According to research conducted by NSW Treasury in 2022 (“Holding periods of residential property buyers in NSW”), investors hold properties for an average of 8.8 years. So, it is logical that as Australia’s housing stock grows and the proportion of property investors is growing, the total number of properties being sold by investors will also continue to grow.
Over the last 5 years, we can clearly see that more investment properties have been sold than in the previous period. But these sales are being offset by an equivalent number of investors that are entering the market as working-age investors seek to build their portfolios. Furthermore, Australia’s population growth and growing share of renters ensure that there will be a constant and growing demand for investment properties in the coming years.
Nonetheless, as Baby Boomers (in particular) age, it is not unrealistic to assume that they will seek to sell out of their fixed assets. This will free up capital that they can use in retirement and should result in an orderly and consistent rate of transfers over the coming years. Investors that own multiple properties will seek to sell down over an extended period of time to minimise tax and maximise what they can reinvest in high-yielding investments.
Despite the grumbling and complaining about state government intervention making it too expensive and nerve-wracking to continue holding property as a landlord, the main reason my Dad is selling is to transition his wealth out of housing and into something that he can use in retirement or pass on to his grandchildren.
In fact, this strategy has been years in the marking.
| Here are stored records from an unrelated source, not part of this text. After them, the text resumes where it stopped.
lemma hahn_banach_sublinear:
  assumes sl: "sublinear_on V p" and x0: "x0 \<in> V"
  shows "\<exists>l. (\<forall>x\<in>V. \<forall>y\<in>V. l (\<lambda>w. x w + y w) = l x + l y) \<and> (\<forall>x\<in>V. \<forall>c. l (\<lambda>w. c * x w) = c * l x)
     \<and> (\<forall>x\<in>V. l x \<le> p x) \<and> l x0 = p x0"
proof -
  note SD = sublinear_onD[OF sl]
  define G0 where "G0 = {((\<lambda>w. s * x0 w), s * p x0) | s. True}"
  have "dominated_linear_graph V p G0"
    unfolding G0_def by (rule dominated_linear_graph_line[OF sl x0])
  then obtain M where lgM: "dominated_linear_graph V p M" and G0M: "G0 \<subseteq> M" and dom: "V \<subseteq> fst ` M"
    using dominated_linear_graph_maximal[OF sl] by blast
  define l where "l x = (THE a. (x,a) \<in> M)" for x
  have lM: "(x, l x) \<in> M" if xV: "x \<in> V" for x
  proof -
    obtain a where a: "(x,a)\<in>M" using dom xV by force
    have "(THE a. (x,a) \<in> M) = a"
      by (rule the_equality[where P="\<lambda>a. (x,a)\<in>M", OF a]) (use dominated_linear_graph_unique[OF sl lgM a] in auto)
    then show ?thesis using a l_def by simp
  qed
  have lu: "l x = a" if "(x,a)\<in>M" "x \<in> V" for x a
    using dominated_linear_graph_unique[OF sl lgM lM[OF that(2)] that(1)] .
  show ?thesis
  proof (intro exI conjI ballI allI)
    fix x y assume "x\<in>V" "y\<in>V"
    then show "l (\<lambda>w. x w + y w) = l x + l y"
      using lu[OF dominated_linear_graphD(3)[OF lgM lM lM]] SD(2) by blast
  next
    fix x c assume "x \<in> V"
    then show "l (\<lambda>w. c * x w) = c * l x" using lu[OF dominated_linear_graphD(4)[OF lgM lM]] SD(3) by blast
  next
    fix x assume "x\<in>V" then show "l x \<le> p x" using dominated_linear_graphD(2)[OF lgM lM] by blast
  next
    have "(x0, p x0) \<in> G0" unfolding G0_def by (rule CollectI, rule exI[of _ 1]) simp
    then show "l x0 = p x0" using lu[of x0 "p x0"] G0M x0 by auto
  qed
qed

definition L1_norm :: "'a measure \<Rightarrow> ('a \<Rightarrow> real) \<Rightarrow> real" where
  "L1_norm M x = (\<integral>w. \<bar>x w\<bar> \<partial>M)"

lemma L1_norm_nonneg: "0 \<le> L1_norm M x" unfolding L1_norm_def by simp

lemma L1_norm_triangle: assumes "integrable M x" "integrable M y"
  shows "L1_norm M (\<lambda>w. x w + y w) \<le> L1_norm M x + L1_norm M y"
proof -
  have "(\<integral>w. \<bar>x w + y w\<bar> \<partial>M) \<le> (\<integral>w. \<bar>x w\<bar> + \<bar>y w\<bar> \<partial>M)"
    by (rule integral_mono) (use assms in auto)
  also have "\<dots> = (\<integral>w. \<bar>x w\<bar> \<partial>M) + (\<integral>w. \<bar>y w\<bar> \<partial>M)" using assms by (simp add: Bochner_Integration.integral_add)
  finally show ?thesis unfolding L1_norm_def .
qed

lemma L1_norm_scale: "L1_norm M (\<lambda>w. c * x w) = \<bar>c\<bar> * L1_norm M x"
  unfolding L1_norm_def by (simp add: abs_mult)

lemma L1_norm_minus [simp]: "L1_norm M (\<lambda>w. - x w) = L1_norm M x"
  by (simp add: L1_norm_def)

lemma L1_norm_reverse_triangle: assumes "integrable M x" "integrable M y"
  shows "L1_norm M x - L1_norm M y \<le> L1_norm M (\<lambda>w. x w + y w)"
proof -
  have "L1_norm M (\<lambda>w. (\<lambda>w. x w + y w) w + (\<lambda>w. (-1) * y w) w) \<le> L1_norm M (\<lambda>w. x w + y w) + L1_norm M (\<lambda>w. (-1) * y w)"
    by (rule L1_norm_triangle) (use assms in auto)
  moreover have "L1_norm M (\<lambda>w. - y w) = L1_norm M y" by (simp add: L1_norm_def)
  ultimately show ?thesis by simp
qed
He spent the last decade clearing all of his debt using the Domino Effect (which is to pay off one investment property, then use the free cashflow to pay off the second, and so on at an ever-increasing pace until they are all debt free). He now plans to sell one house each financial year until he passes away, and we all hope that is still a long way off.
This strategy provides flexibility in tax planning and how Dad chooses to invest or spend the money that his property portfolio has generated for him and ensure that he can continue to generate a consistent rental income from his occupied portfolio until they are all sold.
My father is a very modest person, and he continues to be a great mentor to myself and many others whose lives have been transformed by his guidance over the years, but I do think he was perhaps a little bit premature in declaring his exit from the property market given that it is going to take more than a decade to complete.